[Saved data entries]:
☆ ☆ ☆ ☆ ☆ ☆ ☆
(* Assume A2 and let $n\ge 1$. Then $$y_{10^{n-1}}<y_{010^{n-1}}<y_{10^n}\qquad\text{and}\qquad y_{01^n}<y_{101^{n-1}}<y_{01^{n-1}},$$ where $0^k$, $1^k$ denote $k$-fold repetitions of a letter and $0^0=1^0=\epsilon$ (so e.g. $y_{10^0}=y_1$).
   Context: Words are finite strings over $\{0,1\}$; $\epsilon$ is the empty word. Let $\mathcal I\subseteq\mathbb R$ be an interval and $\phi_0,\phi_1:\mathcal I\to\mathcal I$. For a word $w$ put $\phi_w:=\phi_{w_{|w|}}\circ\cdots\circ\phi_{w_1}$ (the first letter is applied first), $\phi_\epsilon=\mathrm{id}$. Assumption A2: for all $x<y$ in $\mathcal I$ and $k\in\{0,1\}$, $\phi_k(x)<\phi_k(y)$ and $\phi_k(y)-\phi_k(x)<y-x$; moreover $\phi_0,\phi_1$ have fixed points $y_0,y_1\in\mathcal I$ with $y_1<y_0$. Under A2, for every non-empty word $w$ the map $\phi_w$ has a unique fixed point in $\mathcal I$, denoted $y_w$. *)

theory Defs
  imports "HOL-Analysis.Analysis"
begin

text \<open>Words over {0,1} are lists of booleans: False = letter 0, True = letter 1.
  The pair of maps (phi_0, phi_1) is a single function phi :: bool => real => real.\<close>

type_synonym word = "bool list"

text \<open>phi_w: the first letter is applied first.\<close>
definition phiw :: "(bool \<Rightarrow> real \<Rightarrow> real) \<Rightarrow> word \<Rightarrow> real \<Rightarrow> real" where
  "phiw phi w x = foldl (\<lambda>z b. phi b z) x w"

definition A2 :: "real set \<Rightarrow> (bool \<Rightarrow> real \<Rightarrow> real) \<Rightarrow> bool" where
  "A2 I phi \<longleftrightarrow>
     is_interval I \<and>
     (\<forall>k. \<forall>x\<in>I. phi k x \<in> I) \<and>
     (\<forall>k. \<forall>x\<in>I. \<forall>y\<in>I. x < y \<longrightarrow> phi k x < phi k y \<and> phi k y - phi k x < y - x) \<and>
     (\<exists>y0\<in>I. \<exists>y1\<in>I. phi False y0 = y0 \<and> phi True y1 = y1 \<and> y1 < y0)"

text \<open>The (unique, under A2) fixed point of phi_w in I.\<close>
definition yw :: "real set \<Rightarrow> (bool \<Rightarrow> real \<Rightarrow> real) \<Rightarrow> word \<Rightarrow> real" where
  "yw I phi w = (THE y. y \<in> I \<and> phiw phi w y = y)"

end

theory Submission
  imports Defs
begin

text \<open>For a nonempty word w the map phi_w is an increasing strict contraction of I mapping
  [y_1, y_0] into itself, so y_w exists and x < y_w iff x < phi_w x. If w contains the letter 1,
  then y_w < y_0, hence y_w < phi_0 y_w; applying phi_w gives y_w < phi_0w y_w, i.e. y_w < y_0w.
  In the same way y_0w < phi_0 y_0w = y_w0, the equality because phi_0 conjugates phi_0w into
  phi_w0. For w = 10^(n-1) this is the first chain; the second is the first one for the system
  reflected by x \<mapsto> -x, which exchanges the two letters.\<close>

lemma phiw_Nil [simp]: "phiw phi [] x = x"
  by (simp add: phiw_def)

lemma phiw_Cons [simp]: "phiw phi (b # w) x = phiw phi w (phi b x)"
  by (simp add: phiw_def)

lemma phiw_append: "phiw phi (u @ v) x = phiw phi v (phiw phi u x)"
  by (simp add: phiw_def)

definition mirror :: "(bool \<Rightarrow> real \<Rightarrow> real) \<Rightarrow> bool \<Rightarrow> real \<Rightarrow> real" where
  "mirror phi b x = - phi (\<not> b) (- x)"

lemma phiw_mirror: "phiw (mirror phi) (map Not w) (- x) = - phiw phi w x"
  by (induction w arbitrary: x) (simp_all add: mirror_def)

lemma contraction_fixed_point_side:
  fixes f :: "real \<Rightarrow> real"
  assumes contr: "\<forall>x\<in>I. \<forall>y\<in>I. x < y \<longrightarrow> f y - f x < y - x"
    and p: "p \<in> I" "f p = p" and x: "x \<in> I"
  shows "x < p \<longleftrightarrow> x < f x" and "p < x \<longleftrightarrow> f x < x"
proof -
  have "x < f x" if "x < p" using contr p x that by fastforce
  moreover have "f x < x" if "p < x" using contr p x that by fastforce
  ultimately show "x < p \<longleftrightarrow> x < f x" and "p < x \<longleftrightarrow> f x < x"
    using p(2) by (cases x p rule: linorder_cases; auto)+
qed

context
  fixes I :: "real set" and phi :: "bool \<Rightarrow> real \<Rightarrow> real"
  assumes A: "A2 I phi"
begin

lemma phi_in: "x \<in> I \<Longrightarrow> phi k x \<in> I"
  using A by (simp add: A2_def)

lemma phi_mono_contract: "x \<in> I \<Longrightarrow> y \<in> I \<Longrightarrow> x < y \<Longrightarrow> phi k x < phi k y \<and> phi k y - phi k x < y - x"
  using A by (simp add: A2_def)

lemma phi_contract_on: "\<forall>x\<in>I. \<forall>y\<in>I. x < y \<longrightarrow> phi k y - phi k x < y - x"
  using phi_mono_contract by blast

lemma phiw_in: "x \<in> I \<Longrightarrow> phiw phi w x \<in> I"
  by (induction w arbitrary: x) (simp_all add: phi_in)

lemma phiw_mono_nonexpanding:
  "x \<in> I \<Longrightarrow> y \<in> I \<Longrightarrow> x < y \<Longrightarrow> phiw phi w x < phiw phi w y \<and> phiw phi w y - phiw phi w x \<le> y - x"
proof (induction w arbitrary: x y)
  case (Cons b w)
  have "phi b x < phi b y" "phi b y - phi b x < y - x"
    using Cons.prems phi_mono_contract by blast+
  then show ?case
    using Cons phi_in Cons.IH[of "phi b x" "phi b y"] by fastforce
qed simp

lemma phiw_strict_mono: "x \<in> I \<Longrightarrow> y \<in> I \<Longrightarrow> x < y \<Longrightarrow> phiw phi w x < phiw phi w y"
  using phiw_mono_nonexpanding by blast

lemma phiw_mono: "x \<in> I \<Longrightarrow> y \<in> I \<Longrightarrow> x \<le> y \<Longrightarrow> phiw phi w x \<le> phiw phi w y"
  using phiw_strict_mono[of x y w] by (cases "x = y") auto

lemma phiw_contract:
  assumes "w \<noteq> []" "x \<in> I" "y \<in> I" "x < y"
  shows "phiw phi w y - phiw phi w x < y - x"
proof -
  obtain b v where "w = b # v" using assms(1) by (cases w) auto
  then show ?thesis
    using phi_mono_contract[OF assms(2-4), of b] phi_in assms(2,3)
      phiw_mono_nonexpanding[of "phi b x" "phi b y" v] by fastforce
qed

lemma phiw_lipschitz: "1-lipschitz_on I (phiw phi w)"
proof (rule lipschitz_onI)
  fix x y assume "x \<in> I" "y \<in> I"
  then show "dist (phiw phi w x) (phiw phi w y) \<le> 1 * dist x y"
    using phiw_mono_nonexpanding[of x y w] phiw_mono_nonexpanding[of y x w]
    by (cases x y rule: linorder_cases) (auto simp: dist_real_def)
qed simp

lemma phiw_le_fixed:
  assumes "z \<in> I" "\<forall>k. phi k z \<le> z"
  shows "phiw phi w z \<le> z"
proof (induction w)
  case (Cons b w)
  have "phiw phi w (phi b z) \<le> phiw phi w z"
    using phiw_mono[OF phi_in[OF assms(1)] assms(1)] assms(2) by blast
  with Cons.IH show ?case by simp
qed simp

lemma phiw_less_fixed:
  assumes "z \<in> I" "\<forall>k. phi k z \<le> z" "k \<in> set w" "phi k z < z"
  shows "phiw phi w z < z"
proof -
  obtain u v where w: "w = u @ k # v" using split_list[OF assms(3)] by blast
  have "phi k (phiw phi u z) \<le> phi k z"
    using phiw_mono[OF phiw_in[OF assms(1)] assms(1) phiw_le_fixed[OF assms(1,2)], of "[k]"] by simp
  then have "phi k (phiw phi u z) < z" using assms(4) by simp
  then have "phiw phi v (phi k (phiw phi u z)) < phiw phi v z"
    using phiw_strict_mono[OF phi_in[OF phiw_in[OF assms(1)]] assms(1)] by blast
  also have "\<dots> \<le> z" using phiw_le_fixed[OF assms(1,2)] .
  finally show ?thesis by (simp add: w phiw_append)
qed

end

lemma A2_mirror:
  assumes "A2 I phi"
  shows "A2 (uminus ` I) (mirror phi)"
proof -
  obtain y0 y1 where "y0 \<in> I" "y1 \<in> I" "phi False y0 = y0" "phi True y1 = y1" "y1 < y0"
    using assms by (auto simp: A2_def)
  then have "\<exists>y0\<in>uminus ` I. \<exists>y1\<in>uminus ` I. mirror phi False y0 = y0 \<and> mirror phi True y1 = y1 \<and> y1 < y0"
    by (intro bexI[of _ "- y1"] bexI[of _ "- y0"]) (auto simp: mirror_def)
  moreover have "mirror phi k x \<in> uminus ` I" if "x \<in> uminus ` I" for k x
    using that phi_in[OF assms] by (auto simp: mirror_def)
  moreover have "mirror phi k x < mirror phi k y \<and> mirror phi k y - mirror phi k x < y - x"
    if "x \<in> uminus ` I" "y \<in> uminus ` I" "x < y" for k x y
    using that phi_mono_contract[OF assms, of "- y" "- x" "\<not> k"] by (auto simp: mirror_def)
  ultimately show ?thesis
    using assms by (auto simp: A2_def)
qed

context
  fixes I :: "real set" and phi :: "bool \<Rightarrow> real \<Rightarrow> real"
  assumes A: "A2 I phi"
begin

lemma A2_fixed_points:
  obtains y0 y1 where "y0 \<in> I" "y1 \<in> I" "y1 < y0"
    "phi False y0 = y0" "phi True y0 < y0" "phi True y1 = y1" "y1 < phi False y1"
proof -
  obtain y0 y1 where y: "y0 \<in> I" "y1 \<in> I" "phi False y0 = y0" "phi True y1 = y1" "y1 < y0"
    using A by (auto simp: A2_def)
  moreover have "phi True y0 < y0"
    using contraction_fixed_point_side(2)[OF phi_contract_on[OF A] y(2,4) y(1)] y(5) by blast
  moreover have "y1 < phi False y1"
    using contraction_fixed_point_side(1)[OF phi_contract_on[OF A] y(1,3) y(2)] y(5) by blast
  ultimately show ?thesis using that by blast
qed

lemma phiw_fixed_point_exists: "\<exists>p\<in>I. phiw phi w p = p"
proof -
  obtain y0 y1 where y: "y0 \<in> I" "y1 \<in> I" "y1 < y0"
    "phi False y0 = y0" "phi True y0 < y0" "phi True y1 = y1" "y1 < phi False y1"
    using A2_fixed_points .
  have upper: "phiw phi w y0 \<le> y0"
    using phiw_le_fixed[OF A y(1)] y(4,5) by (simp add: all_bool_eq)
  have "phiw (mirror phi) (map Not w) (- y1) \<le> - y1"
    using phiw_le_fixed[OF A2_mirror[OF A], of "- y1"] y(2,6,7)
    by (simp add: all_bool_eq mirror_def)
  then have lower: "y1 \<le> phiw phi w y1"
    by (simp add: phiw_mirror)
  have "is_interval I" using A by (simp add: A2_def)
  then have sub: "{y1..y0} \<subseteq> I"
    by (auto intro: mem_is_interval_1_I[OF _ y(2) y(1)])
  have "continuous_on {y1..y0} (phiw phi w)"
    using lipschitz_on_continuous_on[OF phiw_lipschitz[OF A]] sub by (rule continuous_on_subset)
  then have "continuous_on {y1..y0} (\<lambda>x. x - phiw phi w x)"
    by (intro continuous_on_diff continuous_on_id)
  then obtain p where "y1 \<le> p" "p \<le> y0" "p - phiw phi w p = 0"
    using IVT'[of "\<lambda>x. x - phiw phi w x" y1 0 y0] upper lower y(3) by auto
  with sub show ?thesis by (intro bexI[of _ p]) auto
qed

lemma phiw_fixed_point_unique:
  assumes "w \<noteq> []" "p \<in> I" "q \<in> I" "phiw phi w p = p" "phiw phi w q = q"
  shows "p = q"
  using phiw_contract[OF A assms(1,2,3)] phiw_contract[OF A assms(1,3,2)] assms(4,5)
  by (cases p q rule: linorder_cases) auto

lemma yw_fixed:
  assumes "w \<noteq> []"
  shows "yw I phi w \<in> I" and "phiw phi w (yw I phi w) = yw I phi w"
proof -
  have "\<exists>!y. y \<in> I \<and> phiw phi w y = y"
    using phiw_fixed_point_exists phiw_fixed_point_unique[OF assms] by blast
  from theI'[OF this] show "yw I phi w \<in> I" "phiw phi w (yw I phi w) = yw I phi w"
    by (simp_all add: yw_def)
qed

lemma yw_eqI: "w \<noteq> [] \<Longrightarrow> y \<in> I \<Longrightarrow> phiw phi w y = y \<Longrightarrow> yw I phi w = y"
  using phiw_fixed_point_unique yw_fixed by blast

lemma yw_contraction_side:
  assumes "w \<noteq> []" "x \<in> I"
  shows less_yw_iff: "x < yw I phi w \<longleftrightarrow> x < phiw phi w x"
    and yw_less_iff: "yw I phi w < x \<longleftrightarrow> phiw phi w x < x"
proof -
  have "\<forall>x\<in>I. \<forall>y\<in>I. x < y \<longrightarrow> phiw phi w y - phiw phi w x < y - x"
    using phiw_contract[OF A assms(1)] by blast
  from contraction_fixed_point_side[OF this yw_fixed[OF assms(1)] assms(2)]
  show "x < yw I phi w \<longleftrightarrow> x < phiw phi w x" "yw I phi w < x \<longleftrightarrow> phiw phi w x < x" .
qed

lemma yw_rotate:
  assumes "u @ v \<noteq> []"
  shows "yw I phi (u @ v) = phiw phi v (yw I phi (v @ u))"
proof (rule yw_eqI[OF assms])
  have "v @ u \<noteq> []" using assms by auto
  note z = yw_fixed[OF this]
  show "phiw phi v (yw I phi (v @ u)) \<in> I" using phiw_in[OF A z(1)] .
  show "phiw phi (u @ v) (phiw phi v (yw I phi (v @ u))) = phiw phi v (yw I phi (v @ u))"
    using z(2) by (simp add: phiw_append)
qed

lemma yw_less_yw_Cons:
  assumes "w \<noteq> []" "yw I phi w < phi k (yw I phi w)"
  shows "yw I phi w < yw I phi (k # w)"
proof -
  note y = yw_fixed[OF assms(1)]
  have "phiw phi w (yw I phi w) < phiw phi w (phi k (yw I phi w))"
    using phiw_strict_mono[OF A y(1) phi_in[OF A y(1)] assms(2)] .
  then show ?thesis
    using less_yw_iff[of "k # w" "yw I phi w"] y by simp
qed

lemma yw_less_fixed_point_zero:
  assumes "True \<in> set w" "y0 \<in> I" "phi False y0 = y0" "phi True y0 < y0"
  shows "yw I phi w < y0"
proof -
  have "w \<noteq> []" using assms(1) by auto
  moreover have "phiw phi w y0 < y0"
    using phiw_less_fixed[OF A assms(2) _ assms(1,4)] assms(3,4) by (simp add: all_bool_eq)
  ultimately show ?thesis using yw_less_iff assms(2) by blast
qed

lemma yw_chain_zero:
  assumes "True \<in> set w"
  shows "yw I phi w < yw I phi (False # w) \<and> yw I phi (False # w) < yw I phi (w @ [False])"
proof -
  obtain y0 where y0: "y0 \<in> I" "phi False y0 = y0" "phi True y0 < y0"
    using A2_fixed_points by blast
  have left_of_y0: "v \<noteq> [] \<Longrightarrow> yw I phi v < phi False (yw I phi v)" if "True \<in> set v" for v
    using contraction_fixed_point_side(1)[OF phi_contract_on[OF A] y0(1,2) yw_fixed(1)]
      yw_less_fixed_point_zero[OF that y0] by blast
  have "w \<noteq> []" using assms by auto
  then have "yw I phi w < yw I phi (False # w)"
    using yw_less_yw_Cons left_of_y0[OF assms] by blast
  moreover have "yw I phi (w @ [False]) = phi False (yw I phi (False # w))"
    using yw_rotate[of w "[False]"] by simp
  ultimately show ?thesis
    using left_of_y0[of "False # w"] assms by simp
qed

end

lemma yw_mirror:
  assumes "A2 I phi" "w \<noteq> []"
  shows "yw (uminus ` I) (mirror phi) (map Not w) = - yw I phi w"
  using yw_eqI[OF A2_mirror[OF assms(1)]] yw_fixed[OF assms] phiw_mirror assms(2) by simp

lemma yw_chain_one:
  assumes "A2 I phi" "False \<in> set w"
  shows "yw I phi (w @ [True]) < yw I phi (True # w) \<and> yw I phi (True # w) < yw I phi w"
proof -
  have "True \<in> set (map Not w)" "w \<noteq> []" using assms(2) by auto
  then show ?thesis
    using yw_chain_zero[OF A2_mirror[OF assms(1)], of "map Not w"]
      yw_mirror[OF assms(1), of w] yw_mirror[OF assms(1), of "True # w"]
      yw_mirror[OF assms(1), of "w @ [True]"] by simp
qed

theorem mainTheorem5:
  fixes I :: "real set" and phi :: "bool \<Rightarrow> real \<Rightarrow> real" and n :: nat
  assumes "A2 I phi" and "n \<ge> 1"
  shows "yw I phi ([True] @ replicate (n - 1) False)
           < yw I phi ([False, True] @ replicate (n - 1) False)
         \<and> yw I phi ([False, True] @ replicate (n - 1) False)
           < yw I phi ([True] @ replicate n False)
         \<and> yw I phi ([False] @ replicate n True)
           < yw I phi ([True, False] @ replicate (n - 1) True)
         \<and> yw I phi ([True, False] @ replicate (n - 1) True)
           < yw I phi ([False] @ replicate (n - 1) True)"
proof -
  obtain m where n: "n = Suc m" using assms(2) by (cases n) auto
  have words:
    "[True] @ replicate (n - 1) False = True # replicate m False"
    "[False, True] @ replicate (n - 1) False = False # True # replicate m False"
    "[True] @ replicate n False = (True # replicate m False) @ [False]"
    "[False] @ replicate n True = (False # replicate m True) @ [True]"
    "[True, False] @ replicate (n - 1) True = True # False # replicate m True"
    "[False] @ replicate (n - 1) True = False # replicate m True"
    by (simp_all add: n replicate_append_same)
  show ?thesis
    unfolding words
    using yw_chain_zero[OF assms(1), of "True # replicate m False"]
      yw_chain_one[OF assms(1), of "False # replicate m True"] by simp
qed

end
☆ ☆ ☆ ☆ ☆ ☆ ☆
[WHAT YOU WILL DO]: Go through the entries and return each line where the word "applied" occurs.

[REPLY TO THE TASK]:
   Context: Words are finite strings over $\{0,1\}$; $\epsilon$ is the empty word. Let $\mathcal I\subseteq\mathbb R$ be an interval and $\phi_0,\phi_1:\mathcal I\to\mathcal I$. For a word $w$ put $\phi_w:=\phi_{w_{|w|}}\circ\cdots\circ\phi_{w_1}$ (the first letter is applied first), $\phi_\epsilon=\mathrm{id}$. Assumption A2: for all $x<y$ in $\mathcal I$ and $k\in\{0,1\}$, $\phi_k(x)<\phi_k(y)$ and $\phi_k(y)-\phi_k(x)<y-x$; moreover $\phi_0,\phi_1$ have fixed points $y_0,y_1\in\mathcal I$ with $y_1<y_0$. Under A2, for every non-empty word $w$ the map $\phi_w$ has a unique fixed point in $\mathcal I$, denoted $y_w$. *)
text \<open>phi_w: the first letter is applied first.\<close>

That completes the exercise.